Порфишка вышел. Нудно скрипнула железная дверь, звякнул засов.
Стенька, превозмогая боль, оглядел свое узилище. Так вот оно какое! В селе давно говорили, что приказчик приспособил свой каменный подклет не только для хранения овощей, товаров и разного домашнего скарба, но и для наказания в нем особо провинившихся людей, для чего в подклете отгорожен небольшой, но страшный застенок, какие до сих пор имелись в некоторых помещичьих владениях.
«И впрямь застенок, — подумалось Стеньке. — Оковы, колодки, на стенах висят плетки, кнуты, клещи, Ну и ну!».

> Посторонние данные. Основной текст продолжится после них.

lemma poly_mapping_var4_eqI:
  assumes "Poly_Mapping.lookup \<alpha> V1 = Poly_Mapping.lookup \<beta> V1"
    "Poly_Mapping.lookup \<alpha> V2 = Poly_Mapping.lookup \<beta> V2"
    "Poly_Mapping.lookup \<alpha> V3 = Poly_Mapping.lookup \<beta> V3"
    "Poly_Mapping.lookup \<alpha> V4 = Poly_Mapping.lookup \<beta> V4"
  shows "\<alpha> = \<beta>"
proof (rule poly_mapping_eqI)
  show "Poly_Mapping.lookup \<alpha> v = Poly_Mapping.lookup \<beta> v" for v
    using assms by (cases v) simp_all
qed

section \<open>Weights of monomials and the map \<open>phi\<close>\<close>

definition mon_weight :: "nat \<Rightarrow> nat \<Rightarrow> (var4 \<Rightarrow>\<^sub>0 nat) \<Rightarrow> nat" where
  "mon_weight a d \<alpha> = (\<Sum>v\<in>Poly_Mapping.keys \<alpha>. Poly_Mapping.lookup \<alpha> v * wt a d v)"

definition a_degree :: "(var4 \<Rightarrow>\<^sub>0 nat) \<Rightarrow> nat" where
  "a_degree \<alpha> = Poly_Mapping.lookup \<alpha> V1 + 2 * Poly_Mapping.lookup \<alpha> V2
     + 3 * Poly_Mapping.lookup \<alpha> V3 + 4 * Poly_Mapping.lookup \<alpha> V4"

definition d_degree :: "(var4 \<Rightarrow>\<^sub>0 nat) \<Rightarrow> nat" where
  "d_degree \<alpha> = Poly_Mapping.lookup \<alpha> V2 + 3 * Poly_Mapping.lookup \<alpha> V3 + 6 * Poly_Mapping.lookup \<alpha> V4"

lemma mon_weight_eq: "mon_weight a d \<alpha> = a * a_degree \<alpha> + d * d_degree \<alpha>"
proof -
  have "mon_weight a d \<alpha> = (\<Sum>v\<in>UNIV. Poly_Mapping.lookup \<alpha> v * wt a d v)"
    unfolding mon_weight_def by (rule sum.mono_neutral_left) (auto simp: in_keys_iff)
  then show ?thesis
    by (simp add: UNIV_var4 a_degree_def d_degree_def algebra_simps)
qed

lemma a_degree_add [simp]: "a_degree (\<alpha> + \<beta>) = a_degree \<alpha> + a_degree \<beta>"
  by (simp add: a_degree_def lookup_add)

lemma d_degree_add [simp]: "d_degree (\<alpha> + \<beta>) = d_degree \<alpha> + d_degree \<beta>"
  by (simp add: d_degree_def lookup_add)

lemma mon_weight_add: "mon_weight a d (\<alpha> + \<beta>) = mon_weight a d \<alpha> + mon_weight a d \<beta>"
  by (simp add: mon_weight_eq algebra_simps)

lemma phi_eq: "phi a d p = (\<Sum>\<alpha>\<in>Poly_Mapping.keys p. monom (Poly_Mapping.lookup p \<alpha>) (mon_weight a d \<alpha>))"
  unfolding phi_def mon_weight_def ..

lemma phi_zero [simp]: "phi a d 0 = 0"
  by (simp add: phi_eq)

lemma phi_single: "phi a d (Poly_Mapping.single \<alpha> c) = monom c (mon_weight a d \<alpha>)"
  by (simp add: phi_eq)

lemma phi_add: "phi a d (p + q) = phi a d p + phi a d q"
  unfolding phi_eq by (rule setsum_keys_plus_distrib) (simp_all add: add_monom)

lemma phi_uminus: "phi a d (- p) = - phi a d p"
  by (simp add: phi_eq sum_negf[symmetric] minus_monom)

lemma phi_diff: "phi a d (p - q) = phi a d p - phi a d q"
  using phi_add[of a d p "- q"] by (simp add: phi_uminus)

lemma phi_sum: "phi a d (\<Sum>i\<in>A. f i) = (\<Sum>i\<in>A. phi a d (f i))"
  by (induction A rule: infinite_finite_induct) (auto simp: phi_add)

lemma sum_single_lookup:
  "(\<Sum>\<alpha>\<in>Poly_Mapping.keys p. Poly_Mapping.single \<alpha> (Poly_Mapping.lookup p \<alpha>)) = p"
  by (rule poly_mapping_eqI) (auto simp: lookup_sum lookup_single when_def in_keys_iff
      intro!: sum.neutral elim!: sum.mono_neutral_left)

lemma phi_mult: "phi a d (p * q) = phi a d p * phi a d q"
proof -
  have "p * q = (\<Sum>\<alpha>\<in>Poly_Mapping.keys p. \<Sum>\<beta>\<in>Poly_Mapping.keys q.
      Poly_Mapping.single (\<alpha> + \<beta>) (Poly_Mapping.lookup p \<alpha> * Poly_Mapping.lookup q \<beta>))"
    by (subst (1 2) sum_single_lookup[symmetric]) (simp add: sum_product mult_single)
  then have "phi a d (p * q) = (\<Sum>\<alpha>\<in>Poly_Mapping.keys p. \<Sum>\<beta>\<in>Poly_Mapping.keys q.
      monom (Poly_Mapping.lookup p \<alpha>) (mon_weight a d \<alpha>) * monom (Poly_Mapping.lookup q \<beta>) (mon_weight a d \<beta>))"
    by (simp add: phi_sum phi_single mon_weight_add mult_monom)
  then show ?thesis
    by (simp add: phi_eq sum_product)
qed

section \<open>Ideals generated by binomials\<close>

lemma ideal_gen_zero: "0 \<in> ideal_gen S"
  unfolding ideal_gen_def by (intro CollectI exI[of _ "{}"]) simp

lemma ideal_gen_add:
  assumes "p \<in> ideal_gen S" "q \<in> ideal_gen S"
  shows "p + q \<in> ideal_gen S"
proof -
  obtain F c G e where F: "finite F" "F \<subseteq> S" "p = (\<Sum>h\<in>F. c h * h)"
    and G: "finite G" "G \<subseteq> S" "q = (\<Sum>h\<in>G. e h * h)"
    using assms unfolding ideal_gen_def by blast
  define c' where "c' h = (if h \<in> F then c h else 0) + (if h \<in> G then e h else 0)" for h
  have "(\<Sum>h\<in>F \<union> G. (if h \<in> F then c h * h else 0)) = p"
    using F G by (simp add: sum.If_cases Int_absorb1)
  moreover have "(\<Sum>h\<in>F \<union> G. (if h \<in> G then e h * h else 0)) = q"
    using F G by (simp add: sum.If_cases Int_absorb1)
  ultimately have "p + q = (\<Sum>h\<in>F \<union> G. (if h \<in> F then c h * h else 0) + (if h \<in> G then e h * h else 0))"
    by (simp add: sum.distrib)
  also have "\<dots> = (\<Sum>h\<in>F \<union> G. c' h * h)"
    by (rule sum.cong) (simp_all add: c'_def distrib_right)
  finally have "p + q = (\<Sum>h\<in>F \<union> G. c' h * h)" .
  then show ?thesis
    unfolding ideal_gen_def using F G by (intro CollectI exI[of _ "F \<union> G"] exI[of _ c']) simp
qed

lemma ideal_gen_mult:
  assumes "p \<in> ideal_gen S"
  shows "r * p \<in> ideal_gen S"
proof -
  obtain F c where F: "finite F" "F \<subseteq> S" "p = (\<Sum>h\<in>F. c h * h)"
    using assms unfolding ideal_gen_def by blast
  then have "r * p = (\<Sum>h\<in>F. (r * c h) * h)"
    by (simp add: sum_distrib_left mult.assoc)
  then show ?thesis
    unfolding ideal_gen_def using F by (intro CollectI exI[of _ F] exI[of _ "\<lambda>h. r * c h"]) simp
qed

lemma ideal_gen_uminus: "p \<in> ideal_gen S \<Longrightarrow> - p \<in> ideal_gen S"
  using ideal_gen_mult[of p S "- 1"] by simp

lemma ideal_gen_generator: "h \<in> S \<Longrightarrow> h \<in> ideal_gen S"
  unfolding ideal_gen_def by (intro CollectI exI[of _ "{h}"] exI[of _ "\<lambda>_. 1"]) simp

lemma ideal_gen_mono: "T \<subseteq> S \<Longrightarrow> ideal_gen T \<subseteq> ideal_gen S"
  unfolding ideal_gen_def by blast

lemma ideal_gen_subset_kernel:
  assumes "\<forall>h\<in>S. phi a d h = 0"
  shows "ideal_gen S \<subseteq> kernel_p4 a d"
proof
  fix p assume "p \<in> ideal_gen S"
  then obtain F c where F: "finite F" "F \<subseteq> S" "p = (\<Sum>h\<in>F. c h * h)"
    unfolding ideal_gen_def by blast
  then have "phi a d p = (\<Sum>h\<in>F. phi a d (c h) * phi a d h)"
    by (simp add: phi_sum phi_mult)
  also have "\<dots> = 0"
    using F assms by (intro sum.neutral) auto
  finally show "p \<in> kernel_p4 a d"
    by (simp add: kernel_p4_def)
qed

definition mon_dvd :: "(var4 \<Rightarrow>\<^sub>0 nat) \<Rightarrow> (var4 \<Rightarrow>\<^sub>0 nat) \<Rightarrow> bool" where
  "mon_dvd \<beta> \<alpha> \<longleftrightarrow> (\<exists>r. \<alpha> = \<beta> + r)"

Горькая усмешка скривила губы. Попался, как недоумок. Ведь мог бы предугадать, зачем его ведет к дому приказчика Порфишка. Букан, конечно же, не простит ему такого зубодробительного тычка. «На куски порежу, собака!» Этот злобный человек и впрямь может его искалечить, и ничего с этим не поделаешь. Заковали, как государственного преступника, и жди теперь палача. Хоть бы кому весточку подать, но в застенке даже щелочки на улицу нет.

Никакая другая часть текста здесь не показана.